Along the gallery’s corridor are 30 vitrines in steel and glass frames, comprising a single installation. Each vitrine, over 4 m high, is filled with densely worked, crumbling panels and unruly masses of industrial tubing – “I use all the materials I can find,” says the artist. Marked across the glass are hand-written phrases, equations relating to string theory and the names of the three chief Norns (the female controllers of human destiny in Norse mythology): Urd, Verdandi and Skuld. It looks like they are unfinished maths tasks, impossible to finish as they are too complicated.
The mass of piping is straining against the limits of the glass cases. One visitor speculated: “Is this the reason they are put behind the glass and look all the same… like a children’s puzzle: definitely something is keeping him [the artist] puzzled…”
Anselm Kiefer sees it this way: “Crochet gets tangled and it is the end of the world when you take out one thread [for] it could collapse. For me this is connected with string theory.”
Susannah Hyman, head of exhibitions at White Cube, extolled Anselm Kiefer’s diverse body of work in painting, sculpture and installation that she said has made him one of the most important European artists of the past four decades.

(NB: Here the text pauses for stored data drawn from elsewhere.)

(* Every exact-repair regenerating code of type $(5,4,4)$ with parameters $(B,\alpha,\beta)$ satisfies \[ 5B\le 7\alpha+22\beta\;(=3B_1+2B_2-2\beta). \]
   Context: Fix integers $1\le k\le d\le n-1$. An exact-repair regenerating code of type $(n,k,d)$ with parameters $(B,\alpha,\beta)$ (nonnegative reals) is a collection of jointly distributed discrete random variables $M$, $W_j$ ($1\le j\le n$), $S_i^j$ ($1\le i,j\le n$, $i\neq j$) such that, with $H$ denoting Shannon entropy: $H(M)=B$; $H(W_j)=\alpha$ and $H(W_j\mid M)=0$ for all $j$; $H(M\mid W_J)=0$ for every $J\subseteq\{1,\dots,n\}$ with $|J|\ge k$; $H(S_i^j)=\beta$ and $H(S_i^j\mid W_i)=0$ for all $i\ne j$; and $H(W_j\mid S_I^j)=0$ for every $I\subseteq\{1,\dots,n\}\setminus\{j\}$ with $|I|\ge d$. Notation: for a set $J$, $W_J=(W_j)_{j\in J}$; $S_I^j=(S_i^j)_{i\in I}$. For $0\le q\le k$, $B_q=q\alpha+\binom{k-q}{2}\beta+(d+1-k)(k-q)\beta$; for $(n,k,d)=(5,4,4)$, $B_1=\alpha+6\beta$, $B_2=2\alpha+3\beta$. *)

theory Defs
  imports "HOL-Probability.Probability"
begin

text \<open>Jointly distributed discrete random variables are modelled as functions on
  a common (discrete) probability space given by a pmf p.  Shannon entropy
  (base 2) takes values in ennreal, so that infinite entropy is allowed.\<close>

definition ent :: "'o pmf \<Rightarrow> ('o \<Rightarrow> 'x) \<Rightarrow> ennreal" where
  "ent p X = (\<integral>\<^sup>+ x. ennreal (- pmf (map_pmf X p) x * log 2 (pmf (map_pmf X p) x))
                 \<partial>count_space UNIV)"

definition cond_ent :: "'o pmf \<Rightarrow> ('o \<Rightarrow> 'x) \<Rightarrow> ('o \<Rightarrow> 'y) \<Rightarrow> ennreal" where
  "cond_ent p X Y = (\<integral>\<^sup>+ xy. ennreal (- pmf (map_pmf (\<lambda>w. (X w, Y w)) p) xy *
        log 2 (pmf (map_pmf (\<lambda>w. (X w, Y w)) p) xy / pmf (map_pmf Y p) (snd xy)))
      \<partial>count_space UNIV)"

definition tup :: "nat set \<Rightarrow> (nat \<Rightarrow> 'o \<Rightarrow> 'x) \<Rightarrow> 'o \<Rightarrow> (nat \<Rightarrow> 'x)" where
  "tup I X = (\<lambda>w i. if i \<in> I then X i w else undefined)"

text \<open>Exact-repair regenerating code of type (n,k,d) with parameters (B,alpha,beta).
  Nodes are indexed by {1..n}; S i j is the random variable S_i^j (sent from i to j).\<close>
definition regen_code ::
  "nat \<Rightarrow> nat \<Rightarrow> nat \<Rightarrow> 'o pmf \<Rightarrow> ('o \<Rightarrow> 'm) \<Rightarrow> (nat \<Rightarrow> 'o \<Rightarrow> 'w)
   \<Rightarrow> (nat \<Rightarrow> nat \<Rightarrow> 'o \<Rightarrow> 's) \<Rightarrow> real \<Rightarrow> real \<Rightarrow> real \<Rightarrow> bool" where
  "regen_code n k d p M W S B \<alpha> \<beta> \<longleftrightarrow>
     1 \<le> k \<and> k \<le> d \<and> d \<le> n - 1 \<and>
     B \<ge> 0 \<and> \<alpha> \<ge> 0 \<and> \<beta> \<ge> 0 \<and>
     ent p M = ennreal B \<and>
     (\<forall>j\<in>{1..n}. ent p (W j) = ennreal \<alpha> \<and> cond_ent p (W j) M = 0) \<and>
     (\<forall>J. J \<subseteq> {1..n} \<and> card J \<ge> k \<longrightarrow> cond_ent p M (tup J W) = 0) \<and>
     (\<forall>i\<in>{1..n}. \<forall>j\<in>{1..n}. i \<noteq> j \<longrightarrow>
        ent p (S i j) = ennreal \<beta> \<and> cond_ent p (S i j) (W i) = 0) \<and>
     (\<forall>j\<in>{1..n}. \<forall>I. I \<subseteq> {1..n} - {j} \<and> card I \<ge> d \<longrightarrow>
        cond_ent p (W j) (tup I (\<lambda>i. S i j)) = 0)"

end

theory Submission
  imports Defs
begin
(* Let $k\ge 1$ and let $G$ be a graph of order $n$ with minimum degree $\delta\ge k+1$. Then $\Gamma_{\times k,t}(G)\le n-\delta+k$. Moreover the bound is sharp: for all integers $\delta\ge k+1\ge 2$ and $b\ge\lceil \delta/(k+1)\rceil$, the join $G_b=H_b\vee T$, where $H_b$ is the disjoint union of $b$ copies of $K_{k+1}$ and $T$ is an edgeless graph on $\delta-k$ vertices, has minimum degree $\delta$, order $n=b(k+1)+\delta-k$, and $\Gamma_{\times k,t}(G_b)=n-\delta+k$.
   Context: A set $S\subseteq V(G)$ is a $k$-tuple total dominating set ($k$TDS) of a graph $G$ with $\delta(G)\ge k$ if $|N_G(x)\cap S|\ge k$ for every $x\in V(G)$. The upper $k$-tuple total domination number $\Gamma_{\times k,t}(G)$ is the maximum cardinality of a minimal (with respect to inclusion) $k$TDS of $G$. The join $A\vee B$ of disjoint graphs is their union together with all edges between $V(A)$ and $V(B)$. *)

theory Defs
  imports Complex_Main
begin

definition simple_graph :: "'a set \<Rightarrow> ('a \<Rightarrow> 'a \<Rightarrow> bool) \<Rightarrow> bool" where
  "simple_graph V E \<longleftrightarrow> finite V \<and> (\<forall>x y. E x y \<longrightarrow> x \<in> V \<and> y \<in> V)
     \<and> (\<forall>x y. E x y \<longrightarrow> E y x) \<and> (\<forall>x. \<not> E x x)"

definition nbhd :: "'a set \<Rightarrow> ('a \<Rightarrow> 'a \<Rightarrow> bool) \<Rightarrow> 'a \<Rightarrow> 'a set" where
  "nbhd V E x = {y \<in> V. E x y}"

definition degree :: "'a set \<Rightarrow> ('a \<Rightarrow> 'a \<Rightarrow> bool) \<Rightarrow> 'a \<Rightarrow> nat" where
  "degree V E x = card (nbhd V E x)"

definition min_degree :: "'a set \<Rightarrow> ('a \<Rightarrow> 'a \<Rightarrow> bool) \<Rightarrow> nat" where
  "min_degree V E = Min (degree V E ` V)"

definition is_kTDS :: "'a set \<Rightarrow> ('a \<Rightarrow> 'a \<Rightarrow> bool) \<Rightarrow> nat \<Rightarrow> 'a set \<Rightarrow> bool" where
  "is_kTDS V E k S \<longleftrightarrow> S \<subseteq> V \<and> (\<forall>x\<in>V. card (nbhd V E x \<inter> S) \<ge> k)"

definition is_minimal_kTDS :: "'a set \<Rightarrow> ('a \<Rightarrow> 'a \<Rightarrow> bool) \<Rightarrow> nat \<Rightarrow> 'a set \<Rightarrow> bool" where
  "is_minimal_kTDS V E k S \<longleftrightarrow> is_kTDS V E k S \<and> (\<forall>T. T \<subset> S \<longrightarrow> \<not> is_kTDS V E k T)"

definition upper_ktuple_tdom :: "'a set \<Rightarrow> ('a \<Rightarrow> 'a \<Rightarrow> bool) \<Rightarrow> nat \<Rightarrow> nat" where
  "upper_ktuple_tdom V E k = Max {card S | S. is_minimal_kTDS V E k S}"

definition join_V :: "'a set \<Rightarrow> 'b set \<Rightarrow> ('a + 'b) set" where
  "join_V VA VB = Inl ` VA \<union> Inr ` VB"

fun join_E :: "'a set \<Rightarrow> ('a \<Rightarrow> 'a \<Rightarrow> bool) \<Rightarrow> 'b set \<Rightarrow> ('b \<Rightarrow> 'b \<Rightarrow> bool)
    \<Rightarrow> ('a + 'b) \<Rightarrow> ('a + 'b) \<Rightarrow> bool" where
  "join_E VA EA VB EB (Inl x) (Inl y) = EA x y"
| "join_E VA EA VB EB (Inr x) (Inr y) = EB x y"
| "join_E VA EA VB EB (Inl x) (Inr y) = (x \<in> VA \<and> y \<in> VB)"
| "join_E VA EA VB EB (Inr x) (Inl y) = (x \<in> VB \<and> y \<in> VA)"

text \<open>H_b: disjoint union of b copies of K_{k+1}; vertex (i,j) is vertex j of copy i.\<close>
definition Hb_V :: "nat \<Rightarrow> nat \<Rightarrow> (nat \<times> nat) set" where
  "Hb_V b k = {(i, j). i < b \<and> j < k + 1}"

definition Hb_E :: "nat \<Rightarrow> nat \<Rightarrow> (nat \<times> nat) \<Rightarrow> (nat \<times> nat) \<Rightarrow> bool" where
  "Hb_E b k u v \<longleftrightarrow> u \<in> Hb_V b k \<and> v \<in> Hb_V b k \<and> fst u = fst v \<and> snd u \<noteq> snd v"

definition T_V :: "nat \<Rightarrow> nat set" where
  "T_V m = {..<m}"

definition T_E :: "nat \<Rightarrow> nat \<Rightarrow> bool" where
  "T_E x y = False"

definition Gb_V :: "nat \<Rightarrow> nat \<Rightarrow> nat \<Rightarrow> ((nat \<times> nat) + nat) set" where
  "Gb_V b k \<delta> = join_V (Hb_V b k) (T_V (\<delta> - k))"

definition Gb_E :: "nat \<Rightarrow> nat \<Rightarrow> nat \<Rightarrow> ((nat \<times> nat) + nat) \<Rightarrow> ((nat \<times> nat) + nat) \<Rightarrow> bool" where
  "Gb_E b k \<delta> = join_E (Hb_V b k) (Hb_E b k) (T_V (\<delta> - k)) T_E"

end

theory Submission
  imports Defs
begin

text \<open>Upper bound: removing any vertex v from a minimal kTDS S leaves some vertex x with fewer
  than k neighbours in S, so x has exactly k neighbours in S. All other neighbours of x lie
  outside S, hence \<open>\<delta> \<le> deg x \<le> k + (n - |S|)\<close>.
  Sharpness: in \<open>H\<^sub>b \<or> T\<close> the vertex set of \<open>H\<^sub>b\<close> is a kTDS, since each clique vertex has k
  neighbours in its own clique and each vertex of T sees all of \<open>H\<^sub>b\<close>; it is minimal because
  deleting a clique vertex leaves the other vertices of its clique with only k - 1 neighbours.
  Its size is \<open>b(k+1) = n - \<delta> + k\<close>.\<close>

lemma degree_ge_min_degree:
  assumes "finite V" and "x \<in> V"
  shows "min_degree V E \<le> degree V E x"
  unfolding min_degree_def using assms by simp

lemma degree_le_card:
  assumes "finite V"
  shows "degree V E x \<le> card V"
  unfolding degree_def nbhd_def using assms by (intro card_mono) auto

lemma is_kTDS_vertex_set:
  assumes "finite V" and "k \<le> min_degree V E"
  shows "is_kTDS V E k V"
proof -
  have "k \<le> card (nbhd V E x \<inter> V)" if "x \<in> V" for x
    using degree_ge_min_degree[OF assms(1) that, of E] assms(2)
    by (simp add: degree_def nbhd_def Int_absorb2)
  then show ?thesis by (simp add: is_kTDS_def)
qed

lemma ex_minimal_kTDS:
  assumes "finite V" and "is_kTDS V E k T"
  shows "\<exists>S. is_minimal_kTDS V E k S"
proof -
  obtain S where S: "is_kTDS V E k S" and least: "\<And>U. is_kTDS V E k U \<Longrightarrow> card S \<le> card U"
    using ex_has_least_nat[of "is_kTDS V E k" T card] assms(2) by blast
  have "finite S" using S assms(1) by (auto simp: is_kTDS_def intro: finite_subset)
  then have "\<not> is_kTDS V E k U" if "U \<subset> S" for U
    using least[of U] psubset_card_mono[OF _ that] by fastforce
  with S show ?thesis by (auto simp: is_minimal_kTDS_def)
qed

lemma finite_minimal_kTDS_cards:
  assumes "finite V"
  shows "finite {card S | S. is_minimal_kTDS V E k S}"
proof (rule finite_subset)
  show "{card S | S. is_minimal_kTDS V E k S} \<subseteq> card ` Pow V"
    by (auto simp: is_minimal_kTDS_def is_kTDS_def)
qed (use assms in simp)

lemma card_minimal_kTDS_le_upper_ktuple_tdom:
  assumes "finite V" and "is_minimal_kTDS V E k S"
  shows "card S \<le> upper_ktuple_tdom V E k"
  unfolding upper_ktuple_tdom_def
  using finite_minimal_kTDS_cards[OF assms(1)] assms(2) by (intro Max_ge) auto

lemma minimal_kTDS_critical_vertex:
  assumes "is_minimal_kTDS V E k S" and "v \<in> S"
  obtains x where "x \<in> V" and "v \<in> nbhd V E x" and "card (nbhd V E x \<inter> S) = k"
proof -
  have S: "is_kTDS V E k S" and "\<not> is_kTDS V E k (S - {v})"
    using assms by (auto simp: is_minimal_kTDS_def)
  then obtain x where x: "x \<in> V" and less: "card (nbhd V E x \<inter> (S - {v})) < k"
    by (auto simp: is_kTDS_def not_le)
  have ge: "k \<le> card (nbhd V E x \<inter> S)" using S x by (simp add: is_kTDS_def)
  have v: "v \<in> nbhd V E x"
  proof (rule ccontr)
    assume "v \<notin> nbhd V E x"
    then have "nbhd V E x \<inter> (S - {v}) = nbhd V E x \<inter> S" by auto
    then show False using less ge by simp
  qed
  have "nbhd V E x \<inter> (S - {v}) = (nbhd V E x \<inter> S) - {v}" by auto
  then have "card (nbhd V E x \<inter> (S - {v})) = card (nbhd V E x \<inter> S) - 1"
    using v assms(2) by (simp add: card_Diff_singleton)
  with less ge have "card (nbhd V E x \<inter> S) = k" by linarith
  with x v show thesis by (rule that)
qed

lemma card_minimal_kTDS_le:
  assumes fin: "finite V" and "V \<noteq> {}" and S: "is_minimal_kTDS V E k S"
  shows "card S + min_degree V E \<le> card V + k"
proof -
  have "S \<subseteq> V" using S by (simp add: is_minimal_kTDS_def is_kTDS_def)
  obtain x where x: "x \<in> V" and few: "card (nbhd V E x \<inter> S) \<le> k"
  proof (cases "S = {}")
    case True
    with \<open>V \<noteq> {}\<close> that show thesis by auto
  next
    case False
    then obtain v where "v \<in> S" by auto
    with S obtain x where "x \<in> V" and "card (nbhd V E x \<inter> S) = k"
      by (blast elim: minimal_kTDS_critical_vertex)
    with that show thesis by simp
  qed
  have finN: "finite (nbhd V E x)" using fin by (simp add: nbhd_def)
  have "degree V E x = card (nbhd V E x \<inter> S) + card (nbhd V E x - S)"
    unfolding degree_def using finN by (rule card_Int_Diff)
  also have "card (nbhd V E x - S) \<le> card (V - S)"
    using fin by (intro card_mono) (auto simp: nbhd_def)
  also have "card (V - S) = card V - card S"
    using \<open>S \<subseteq> V\<close> fin by (simp add: card_Diff_subset finite_subset)
  finally have "degree V E x \<le> k + (card V - card S)" using few by simp
  moreover have "card S \<le> card V" using \<open>S \<subseteq> V\<close> fin by (rule card_mono[rotated])
  ultimately show ?thesis using degree_ge_min_degree[OF fin x, of E] by linarith
qed

lemma upper_ktuple_tdom_le:
  assumes fin: "finite V" and "V \<noteq> {}" and "k \<le> min_degree V E"
  shows "upper_ktuple_tdom V E k + min_degree V E \<le> card V + k"
proof -
  obtain S0 where "is_minimal_kTDS V E k S0"
    using ex_minimal_kTDS[OF fin is_kTDS_vertex_set[OF assms(1,3)]] by blast
  then have "{card S | S. is_minimal_kTDS V E k S} \<noteq> {}" by auto
  moreover have "min_degree V E \<le> card V"
    using \<open>V \<noteq> {}\<close> degree_ge_min_degree[OF fin] degree_le_card[OF fin] by (meson ex_in_conv le_trans)
  ultimately have "upper_ktuple_tdom V E k \<le> card V + k - min_degree V E"
    unfolding upper_ktuple_tdom_def using card_minimal_kTDS_le[OF fin \<open>V \<noteq> {}\<close>]
    by (intro Max.boundedI finite_minimal_kTDS_cards[OF fin]) fastforce+
  with \<open>min_degree V E \<le> card V\<close> show ?thesis by simp
qed

lemma Hb_V_eq: "Hb_V b k = {..<b} \<times> {..<k + 1}"
  by (auto simp: Hb_V_def)

lemma Inl_in_Gb_V [simp]: "Inl u \<in> Gb_V b k \<delta> \<longleftrightarrow> u \<in> Hb_V b k"
  by (auto simp: Gb_V_def join_V_def)

lemma Inr_in_Gb_V [simp]: "Inr t \<in> Gb_V b k \<delta> \<longleftrightarrow> t < \<delta> - k"
  by (auto simp: Gb_V_def join_V_def T_V_def)

lemma finite_Gb_V: "finite (Gb_V b k \<delta>)"
  by (simp add: Gb_V_def join_V_def Hb_V_eq T_V_def)

lemma card_Gb_V: "card (Gb_V b k \<delta>) = b * (k + 1) + (\<delta> - k)"
  unfolding Gb_V_def join_V_def
  by (subst card_Un_disjoint) (auto simp: card_image Hb_V_eq T_V_def)
(* Let $\kappa$ be a regular infinite cardinal. For each $i\in\{a,b\}$ (with $j$ the other player) there is a function $T_i:W^\kappa\to\Delta(W^\kappa,\mathrm{Pow}(W^\kappa))$ such that for all $w^\kappa\in W^\kappa$: (a) $T_i(u^\kappa)=T_i(w^\kappa)$ for all $u^\kappa\in P_i(w^\kappa)$; (b) $T_i(w^\kappa)(P_i(w^\kappa))=1$; (c) $T_i(w^\kappa)([X_0^\kappa=w_0])$ equals $1$ if $w_i^\kappa(0)=1$ and $\tfrac12$ if $w_i^\kappa(0)=0$; (d) for every $\beta<\kappa$, $T_i(w^\kappa)([X_j^\kappa(\beta)=w_j^\kappa(\beta)])$ equals $1$ if $w_i^\kappa(\beta+1)=1$ and $\tfrac12$ if $w_i^\kappa(\beta+1)=0$; (e) for every limit ordinal $\lambda<\kappa$, $T_i(w^\kappa)([\lambda\text{-par}(X_j^\kappa)=\lambda\text{-par}(w_j^\kappa)])$ equals $1$ if $w_i^\kappa(\lambda)=1$ and $\tfrac12$ if $w_i^\kappa(\lambda)=0$; (f) for all $0\le\beta<\alpha<\kappa$, all $u^\kappa,w^\kappa\in W^\kappa$ and all $E^\beta\subseteq W^\beta$: if $u^\kappa\upharpoonright\alpha=w^\kappa\upharpoonright\alpha$ then $T_i(u^\kappa)(\pi_{\beta,\kappa}^{-1}(E^\beta))=T_i(w^\kappa)(\pi_{\beta,\kappa}^{-1}(E^\beta))$.
   Context: $\Delta(M,\mathrm{Pow}(M))$ is the set of finitely additive probability measures on all subsets of $M$. For an ordinal $\alpha\ge1$, a record of length $\alpha$ is a sequence $r=(r(\beta))_{\beta<\alpha}$ in $\{0,1\}$ such that for every limit ordinal $\lambda\le\alpha$ there is $\gamma<\lambda$ with $r(\beta)=0$ for all $\gamma\le\beta<\lambda$. Parity of ordinals: finite ordinals have the usual parity (0 is even); an infinite ordinal $\gamma=\hat\lambda+n$ ($\hat\lambda$ limit, $n$ finite) is even/odd as $n$ is. For a record $r$ of length $\alpha$ and limit $\lambda\le\alpha$, $o^\lambda(r)$ is the least ordinal $<\lambda$ with $r(\beta)=0$ for all $o^\lambda(r)\le\beta<\lambda$, and $\lambda\text{-par}(r)$ is the parity of $o^\lambda(r)$. $W^0=\{h,t\}$; for $\alpha\ge1$, $W^\alpha$ is the set of triples $w^\alpha=(w_0,w_a^\alpha,w_b^\alpha)$ with $w_0\in\{h,t\}$ and $w_a^\alpha,w_b^\alpha$ records of length $\alpha$. For $0<\beta\le\alpha$, $w^\alpha\upharpoonright\beta=(w_0,w_a^\alpha\upharpoonright\beta,w_b^\alpha\upharpoonright\beta)$ (restricting the sequences), and $w^\alpha\upharpoonright0=w_0$; $\pi_{\beta,\alpha}:W^\alpha\to W^\beta$, $w^\alpha\mapsto w^\alpha\upharpoonright\beta$. For $\alpha>0$, $i\in\{a,b\}$, $j$ the other player: $P_i(w^\alpha)$ is the set of $v^\alpha=(v_0,v_a^\alpha,v_b^\alpha)\in W^\alpha$ with $v_i^\alpha=w_i^\alpha$; $w_i^\alpha(0)=1\Rightarrow v_0=w_0$; for all $\beta$ with $\beta+1<\alpha$, $w_i^\alpha(\beta+1)=1\Rightarrow v_j^\alpha(\beta)=w_j^\alpha(\beta)$; for all limit $\lambda<\alpha$, $w_i^\alpha(\lambda)=1\Rightarrow\lambda\text{-par}(v_j^\alpha)=\lambda\text{-par}(w_j^\alpha)$. Notation: $[X_0^\kappa=w_0]=\{u\in W^\kappa:u_0=w_0\}$; $[X_j^\kappa(\beta)=c]=\{u\in W^\kappa:u_j^\kappa(\beta)=c\}$; $[\lambda\text{-par}(X_j^\kappa)=e]=\{u\in W^\kappa:\lambda\text{-par}(u_j^\kappa)=e\}$. *)

theory Defs
  imports Complex_Main
begin

(* Ordinals below kappa are the elements of a wellorder type 'k whose order type is kappa. *)

datatype coin = H | T
datatype player = Pa | Pb

fun other :: "player \<Rightarrow> player" where
  "other Pa = Pb" | "other Pb = Pa"

definition ozero :: "'k::wellorder" where
  "ozero = (LEAST x. True)"

definition osucc :: "'k::wellorder \<Rightarrow> 'k" where
  "osucc x = (LEAST y. x < y)"

definition is_limit :: "'k::wellorder \<Rightarrow> bool" where
  "is_limit l \<longleftrightarrow> (\<exists>y. y < l) \<and> (\<forall>y<l. \<exists>z. y < z \<and> z < l)"

definition ord_even :: "'k::wellorder \<Rightarrow> bool" where
  "ord_even g \<longleftrightarrow> (\<exists>l n. (l = ozero \<or> is_limit l) \<and> g = (osucc ^^ n) l \<and> even n)"

definition zero_tail :: "'k::wellorder \<Rightarrow> ('k \<Rightarrow> bool) \<Rightarrow> 'k \<Rightarrow> bool" where
  "zero_tail l r g \<longleftrightarrow> (\<forall>b. g \<le> b \<and> b < l \<longrightarrow> \<not> r b)"
(* For each integer $q$ there exists a subset $\mathscr{N}_q\subset\{2,3,\dots,q-1\}$ such that, as $q\to\infty$, $$\#\mathscr{N}_q=q+O\!\left(\frac{q}{\log_2 q}\right),$$ where the implied constant is less than $1$, and, provided $k=k(q)$ is a positive integer satisfying $k=o(\sqrt{\log_2 q})$, $$\#\{\mathscr{S}\in\mathscr{N}_q^{[k]}:\ \mathscr{S}\text{ is multiplicatively independent}\}=\binom{\#\mathscr{N}_q}{k}+O\big((\#\mathscr{N}_q)^{k-3/2+o(1)}\big)=\frac{q^k}{k!}+O\!\left(\frac{q^k}{(k-1)!\,\log_2 q}\right).$$
   Context: For a set $\mathscr{A}$ and $k\in\mathbb{N}$, $\mathscr{A}^{[k]}$ denotes the set of $k$-element subsets of $\mathscr{A}$. Positive integers $n_1,\dots,n_r$ are multiplicatively independent if $\alpha_1=\dots=\alpha_r=0$ is the only integer solution of $n_1^{\alpha_1}\cdots n_r^{\alpha_r}=1$; a set is multiplicatively independent if its elements are. $\log x:=\max\{\ln x,2\}$ and $\log_2 x=\log\log x$. *)

theory Defs
  imports Complex_Main "HOL-Library.Landau_Symbols"
begin

text \<open>The paper's truncated logarithm: log x = max (ln x) 2, and log_2 x = log (log x).\<close>
definition Log :: "real \<Rightarrow> real" where
  "Log x = max (ln x) 2"

definition Log2 :: "real \<Rightarrow> real" where
  "Log2 x = Log (Log x)"

definition mult_indep :: "nat set \<Rightarrow> bool" where
  "mult_indep S \<longleftrightarrow>
     (\<forall>\<alpha> :: nat \<Rightarrow> int. (\<Prod>n\<in>S. (real n) powi (\<alpha> n)) = 1 \<longrightarrow> (\<forall>n\<in>S. \<alpha> n = 0))"

end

Anselm Kiefer was born in the Black Forest town of Donaueschingen in Germany in 1945 and has lived and worked in France since 1993.He delivers immense tableaux and controversial projects with great conviction. In 2007 he became the first artist to be commissioned to install a permanent work at the Louvre since Georges Braque some 50 years earlier. In 2009 he created an opera, Am Anfang, to mark the 20th anniversary of the Opéra National de Paris.
He likes to quote Goethe, “we still all want to find out, what holds the world together at its core.”
Photo captions in detail:
The Veneziano Amplitude. 2019. Oil, emulsion, acrylic, shellac and wood on canvas. © Anselm Kiefer. Courtesy White Cube.
Ramanujan Summation – 1/12. 2019. Emulsion, oil, acrylic, shellac and wood on canvas. © Anselm Kiefer. Photo © Charles Duprat, courtesy White Cube.
Die Sieben Siegel, die geheime Offenbarung des Johannes. 2019. Oil, emulsion, acrylic, shellac, wood and burnt books on canvas. © Anselm Kiefer. Photo © Georges Poncet, courtesy White Cube.
Der Gordische Knoten. 2019. Oil, emulsion, acrylic, shellac, wood and metal on canvas. © Anselm Kiefer. Photo © Georges Poncet, courtesy White Cube.
Anselm Kiefer: Superstrings, Runes, The Norns, Gordian Knot is at White Cube Bermondsey, 144-152 Bermondsey Street, London SE1 until January 26, 2020.